Follistatin-overexpressing MPCs (FLST/OE MPCs) regenerated skeletal muscle more efficiently than WT MPCs, when transplanted into the GMs of mdx/SCID mice. A: Quantitation of engraftment in terms of the number of dystrophin-positive fibers regenerated by the FLST/OE and WT MPC populations. B: The overall mean ± SEM number of dystrophin-positive myofibers was significantly greater for the FLST/OE MPCs (592.8 ± 154.9; n = 7 FLST/OE MPC populations; four muscles per population) than for the WT MPC populations (195.6 ± 65.4; n = 5 WT MPC populations; four muscles per population; **P = 0.023, Student's t-test). C: Representative engraftments showed that the transplanted MPCs regenerated dystrophin-positive myofibers (red) within dystrophic muscle. FLST/OE MPCs produced more dystrophin-positive myofibers than did WT MPCs (*P < 0.05, **P < 0.01). Original magnification, ×200.

Figure 6

Interactions between follistatin (FLST) and myostatin (MSTN) and FLST and activin A. A: As indicated by the fusion index (the ratio of nuclei in myotubes to total nuclei), MSTN significantly inhibited C2C12 myoblast differentiation, but FLST counteracted MSTN and attenuated its inhibition of cellular differentiation. B: Without intervention, C2C12 myoblasts underwent myogenic differentiation in low serum medium as evidenced with MyHC (red) and DAPI (blue). Activin A significantly reduced muscle cell differentiation and the formation of myotubes in cell culture. Original magnification, ×100. C: FLST could neutralize the inhibitory effect of activin A on myoblast differentiation as shown by FLST induced-restoration of differentiation (n = 3; *P < 0.05, **P < 0.01).

Figure 7

Follistatin (FLST) neutralized TGF-β1's activity on C2C12 myoblasts. A: Exemplary pictures of differentiation of C2C12 myoblasts treated by FLST alone, TGF-β1, and combinations of FLST and TGF-β1. Original magnification, ×100. Myotubes were visualized with MyHC (red) and DAPI (nuclei, blue).
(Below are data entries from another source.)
(* Fix a positive integer $n$. For a prime power $q$, let $p_r(q,n)$ denote the probability that a uniformly random differential on ${\mathbb F}_q^n$ has $r$-dimensional homology. Then for every $r>1$ with $r\equiv n \pmod 2$, $\lim_{q\to\infty} p_r(q,n)=0$. Moreover, $\lim_{q\to\infty}p_0(q,n)=1$ if $n$ is even, and $\lim_{q\to\infty}p_1(q,n)=1$ if $n$ is odd. (Here $q$ ranges over prime powers.) *)

theory Defs
  imports "HOL-Algebra.Ring" "HOL-Algebra.Ring_Divisibility"
begin

definition vecs :: "('a, 'b) ring_scheme \<Rightarrow> nat \<Rightarrow> (nat \<Rightarrow> 'a) set" where
  "vecs R n = {v. (\<forall>i<n. v i \<in> carrier R) \<and> (\<forall>i\<ge>n. v i = \<zero>\<^bsub>R\<^esub>)}"

definition zvec :: "('a, 'b) ring_scheme \<Rightarrow> nat \<Rightarrow> 'a" where
  "zvec R = (\<lambda>i. \<zero>\<^bsub>R\<^esub>)"

definition mats :: "('a, 'b) ring_scheme \<Rightarrow> nat \<Rightarrow> (nat \<Rightarrow> nat \<Rightarrow> 'a) set" where
  "mats R n = {M. (\<forall>i j. (i < n \<and> j < n \<longrightarrow> M i j \<in> carrier R)
                    \<and> (\<not> (i < n \<and> j < n) \<longrightarrow> M i j = \<zero>\<^bsub>R\<^esub>))}"

definition mat_vec :: "('a, 'b) ring_scheme \<Rightarrow> nat \<Rightarrow> (nat \<Rightarrow> nat \<Rightarrow> 'a) \<Rightarrow> (nat \<Rightarrow> 'a) \<Rightarrow> (nat \<Rightarrow> 'a)" where
  "mat_vec R n M v = (\<lambda>i. if i < n then finsum R (\<lambda>k. M i k \<otimes>\<^bsub>R\<^esub> v k) {..<n} else \<zero>\<^bsub>R\<^esub>)"

definition mat_mult :: "('a, 'b) ring_scheme \<Rightarrow> nat \<Rightarrow> (nat \<Rightarrow> nat \<Rightarrow> 'a) \<Rightarrow> (nat \<Rightarrow> nat \<Rightarrow> 'a) \<Rightarrow> (nat \<Rightarrow> nat \<Rightarrow> 'a)" where
  "mat_mult R n M N = (\<lambda>i j. if i < n \<and> j < n
      then finsum R (\<lambda>k. M i k \<otimes>\<^bsub>R\<^esub> N k j) {..<n} else \<zero>\<^bsub>R\<^esub>)"

definition differentials :: "('a, 'b) ring_scheme \<Rightarrow> nat \<Rightarrow> (nat \<Rightarrow> nat \<Rightarrow> 'a) set" where
  "differentials R n = {M \<in> mats R n. mat_mult R n M M = (\<lambda>i j. \<zero>\<^bsub>R\<^esub>)}"

definition lin_indep :: "('a, 'b) ring_scheme \<Rightarrow> nat \<Rightarrow> (nat \<Rightarrow> 'a) list \<Rightarrow> bool" where
  "lin_indep R n vs \<longleftrightarrow>
     (\<forall>c. (\<forall>k < length vs. c k \<in> carrier R) \<longrightarrow>
          (\<lambda>i. finsum R (\<lambda>k. c k \<otimes>\<^bsub>R\<^esub> (vs ! k) i) {..<length vs}) = zvec R
          \<longrightarrow> (\<forall>k < length vs. c k = \<zero>\<^bsub>R\<^esub>))"

definition subdim :: "('a, 'b) ring_scheme \<Rightarrow> nat \<Rightarrow> (nat \<Rightarrow> 'a) set \<Rightarrow> nat" where
  "subdim R n W = Max {k. \<exists>vs. length vs = k \<and> set vs \<subseteq> W \<and> lin_indep R n vs}"

definition ker_d :: "('a, 'b) ring_scheme \<Rightarrow> nat \<Rightarrow> (nat \<Rightarrow> nat \<Rightarrow> 'a) \<Rightarrow> (nat \<Rightarrow> 'a) set" where
  "ker_d R n M = {v \<in> vecs R n. mat_vec R n M v = zvec R}"

definition im_d :: "('a, 'b) ring_scheme \<Rightarrow> nat \<Rightarrow> (nat \<Rightarrow> nat \<Rightarrow> 'a) \<Rightarrow> (nat \<Rightarrow> 'a) set" where
  "im_d R n M = mat_vec R n M ` vecs R n"

definition homology_dim :: "('a, 'b) ring_scheme \<Rightarrow> nat \<Rightarrow> (nat \<Rightarrow> nat \<Rightarrow> 'a) \<Rightarrow> nat" where
  "homology_dim R n M = subdim R n (ker_d R n M) - subdim R n (im_d R n M)"

definition prob_hom :: "('a, 'b) ring_scheme \<Rightarrow> nat \<Rightarrow> nat \<Rightarrow> real" where
  "prob_hom R n r = real (card {M \<in> differentials R n. homology_dim R n M = r})
                    / real (card (differentials R n))"

end

theory Submission
  imports Defs
begin

text \<open>A differential d on F_q^n of rank m has homology of dimension n - 2m, so the claim is
  that almost every differential has the maximal rank k = n div 2. Given an ordered basis of
  im d, the map d sends F_q^n into its span and kills it; counting pairs (d, basis of im d)
  therefore bounds the number of differentials of rank m by 2^m q^(2m(n-m)). Conversely, an
  explicit injective family of differentials shows that there are at least q^(2k(n-k)) / 2^k
  differentials in total. As 2m(n-m) < 2k(n-k) for m < k, the differentials of rank below k
  form a proportion O(1/q).\<close>

lemma (in abelian_monoid) finsum_swap:
  assumes "finite A" "finite B" "\<And>i j. i \<in> A \<Longrightarrow> j \<in> B \<Longrightarrow> f i j \<in> carrier G"
  shows "(\<Oplus>i\<in>A. \<Oplus>j\<in>B. f i j) = (\<Oplus>j\<in>B. \<Oplus>i\<in>A. f i j)"
  using assms
proof (induction A rule: finite_induct)
  case empty
  then show ?case by (simp add: finsum_zero)
next
  case (insert a A)
  have "(\<Oplus>i\<in>insert a A. \<Oplus>j\<in>B. f i j) = (\<Oplus>j\<in>B. f a j) \<oplus> (\<Oplus>j\<in>B. \<Oplus>i\<in>A. f i j)"
    using insert by (subst finsum_insert) (auto intro!: finsum_closed)
  also have "\<dots> = (\<Oplus>j\<in>B. f a j \<oplus> (\<Oplus>i\<in>A. f i j))"
    using insert by (subst finsum_addf) (auto intro!: finsum_closed)
  also have "\<dots> = (\<Oplus>j\<in>B. \<Oplus>i\<in>insert a A. f i j)"
    using insert by (intro finsum_cong) (auto intro!: finsum_closed simp: finsum_insert)
  finally show ?case .
qed

lemma (in ring) finsum_a_inv:
  assumes "finite A" "\<And>i. i \<in> A \<Longrightarrow> f i \<in> carrier R"
  shows "(\<Oplus>i\<in>A. \<ominus> f i) = \<ominus> (\<Oplus>i\<in>A. f i)"
  using assms
  by (induction A rule: finite_induct) (simp_all add: finsum_insert Pi_def finsum_closed minus_add)

lemma (in cring) finsum_mult_finsum:
  assumes "finite A" "finite B" "\<And>a. a \<in> A \<Longrightarrow> f a \<in> carrier R" "\<And>b. b \<in> B \<Longrightarrow> g b \<in> carrier R"
  shows "(\<Oplus>a\<in>A. f a) \<otimes> (\<Oplus>b\<in>B. g b) = (\<Oplus>a\<in>A. \<Oplus>b\<in>B. f a \<otimes> g b)"
proof -
  have "(\<Oplus>a\<in>A. f a) \<otimes> (\<Oplus>b\<in>B. g b) = (\<Oplus>a\<in>A. f a \<otimes> (\<Oplus>b\<in>B. g b))"
    using assms by (intro finsum_ldistr) (auto intro!: finsum_closed)
  also have "\<dots> = (\<Oplus>a\<in>A. \<Oplus>b\<in>B. f a \<otimes> g b)"
    using assms by (intro finsum_cong) (auto simp: finsum_rdistr)
  finally show ?thesis .
qed

lemma (in cring) finsum_triple_product_zero:
  assumes fin: "finite A" "finite B" "finite L"
    and x: "\<And>a. a \<in> A \<Longrightarrow> x a \<in> carrier R"
    and r: "\<And>a l. a \<in> A \<Longrightarrow> l \<in> L \<Longrightarrow> r a l \<in> carrier R"
    and u: "\<And>l b. l \<in> L \<Longrightarrow> b \<in> B \<Longrightarrow> u l b \<in> carrier R"
    and y: "\<And>b. b \<in> B \<Longrightarrow> y b \<in> carrier R"
    and ru: "\<And>a b. a \<in> A \<Longrightarrow> b \<in> B \<Longrightarrow> (\<Oplus>l\<in>L. r a l \<otimes> u l b) = \<zero>"
  shows "(\<Oplus>l\<in>L. (\<Oplus>a\<in>A. x a \<otimes> r a l) \<otimes> (\<Oplus>b\<in>B. u l b \<otimes> y b)) = \<zero>"
proof -
  note closed = x r u y fin
  let ?t = "\<lambda>a b l. x a \<otimes> r a l \<otimes> (u l b \<otimes> y b)"
  have "(\<Oplus>l\<in>L. (\<Oplus>a\<in>A. x a \<otimes> r a l) \<otimes> (\<Oplus>b\<in>B. u l b \<otimes> y b)) = (\<Oplus>l\<in>L. \<Oplus>a\<in>A. \<Oplus>b\<in>B. ?t a b l)"
    using closed by (intro finsum_cong) (auto simp: finsum_mult_finsum intro!: finsum_closed)
  also have "\<dots> = (\<Oplus>a\<in>A. \<Oplus>l\<in>L. \<Oplus>b\<in>B. ?t a b l)"
    using closed by (intro finsum_swap) (auto intro!: finsum_closed)
  also have "\<dots> = (\<Oplus>a\<in>A. \<Oplus>b\<in>B. \<Oplus>l\<in>L. ?t a b l)"
  proof -
    have "(\<Oplus>l\<in>L. \<Oplus>b\<in>B. ?t a b l) = (\<Oplus>b\<in>B. \<Oplus>l\<in>L. ?t a b l)" if "a \<in> A" for a
      using that closed by (intro finsum_swap) auto
    then show ?thesis using closed by (intro finsum_cong) (auto intro!: finsum_closed)
  qed
  also have "\<dots> = (\<Oplus>a\<in>A. \<Oplus>b\<in>B. x a \<otimes> (\<Oplus>l\<in>L. r a l \<otimes> u l b) \<otimes> y b)"
  proof -
    have "(\<Oplus>l\<in>L. ?t a b l) = x a \<otimes> (\<Oplus>l\<in>L. r a l \<otimes> u l b) \<otimes> y b" if "a \<in> A" "b \<in> B" for a b
    proof -
      have "(\<Oplus>l\<in>L. ?t a b l) = (\<Oplus>l\<in>L. x a \<otimes> (r a l \<otimes> u l b) \<otimes> y b)"
        using that closed by (intro finsum_cong) (auto simp: m_assoc)
      then show ?thesis using that closed by (simp add: finsum_ldistr finsum_rdistr Pi_def)
    qed
    then have "(\<Oplus>b\<in>B. \<Oplus>l\<in>L. ?t a b l) = (\<Oplus>b\<in>B. x a \<otimes> (\<Oplus>l\<in>L. r a l \<otimes> u l b) \<otimes> y b)"
      if "a \<in> A" for a
      using that closed by (intro finsum_cong) (auto intro!: finsum_closed)
    then show ?thesis using closed by (intro finsum_cong) (auto intro!: finsum_closed)
  qed
  also have "\<dots> = \<zero>"
    using closed ru by (simp add: finsum_zero cong: finsum_cong)
  finally show ?thesis .
qed

section \<open>Linear algebra over a finite field\<close>

definition lincomb :: "('a, 'b) ring_scheme \<Rightarrow> (nat \<Rightarrow> 'a) \<Rightarrow> (nat \<Rightarrow> 'a) list \<Rightarrow> (nat \<Rightarrow> 'a)" where
  "lincomb R c vs = (\<lambda>i. finsum R (\<lambda>k. c k \<otimes>\<^bsub>R\<^esub> (vs ! k) i) {..<length vs})"

definition lin_span :: "('a, 'b) ring_scheme \<Rightarrow> (nat \<Rightarrow> 'a) list \<Rightarrow> (nat \<Rightarrow> 'a) set" where
  "lin_span R vs = (\<lambda>cs. lincomb R (nth cs) vs) ` {cs. set cs \<subseteq> carrier R \<and> length cs = length vs}"

definition lin_subspace :: "('a, 'b) ring_scheme \<Rightarrow> nat \<Rightarrow> (nat \<Rightarrow> 'a) set \<Rightarrow> bool" where
  "lin_subspace R n W \<longleftrightarrow> W \<subseteq> vecs R n \<and>
     (\<forall>vs c. set vs \<subseteq> W \<and> (\<forall>k<length vs. c k \<in> carrier R) \<longrightarrow> lincomb R c vs \<in> W)"

definition tail_vecs :: "('a, 'b) ring_scheme \<Rightarrow> nat \<Rightarrow> nat \<Rightarrow> (nat \<Rightarrow> 'a) set" where
  "tail_vecs R n k = {v \<in> vecs R n. \<forall>j<k. v j = \<zero>\<^bsub>R\<^esub>}"

locale finite_field_space = field R for R :: "('a, 'b) ring_scheme" (structure) +
  fixes n :: nat
  assumes finite_carrier: "finite (carrier R)"
begin

abbreviation q where "q \<equiv> card (carrier R)"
B: Our quantitative results showed that TGF-β1 significantly inhibited myogenic differentiation of C2C12 myoblasts. FLST was able to reverse TGF-β1–inhibited myogenic differentiation (n = 3). C: Western blot results showed that FLST decreased TGF-β1 expression in C2C12 myoblasts with or without the presence of exogenous TGF-β1. D: FLST also reduced the phosphorylation of SMAD2. E: FLST stimulated the expressions of the myogenic regulatory factors, MyoD, Myf5, and myogenin by myoblasts; the quantification of the Western blots was indicated as normalized ratio of proteins of interest to β-actin, whereas controls were referred to as 1 (*P < 0.05, **P < 0.01).

Figure 8

AAV2-MPRO improves skeletal muscle healing at 4 weeks after injury. A: Masson's trichrome staining shows that fibrotic tissue (blue) exists at the muscle injury site. B: Fibrosis in the AAV2-MPRO–treated injured muscles was significantly less than the untreated control. Original magnification, ×200. C: Collagen IV (green) and MPRO (red) double-immunostaining shows a strong MPRO signal in the cytoplasm of the fibers of AAV2-MPRO transduced muscle. D: AAV2-MPRO transduced GMs gained significantly more weight than the GM controls. E: H&E staining revealed muscle hypertrophy in the AAV2-MPRO–treated injured muscles. F: A significant increase in the average diameter of the regenerating myofibers was observed in the AAV2-MPRO injected muscles when compared with the controls (**P < 0.01). Original magnification, ×100. G: Frequency histograms show the distribution of regenerating myofibers in the AAV-MPRO–treated and control muscles. Scale bar = 100 μm.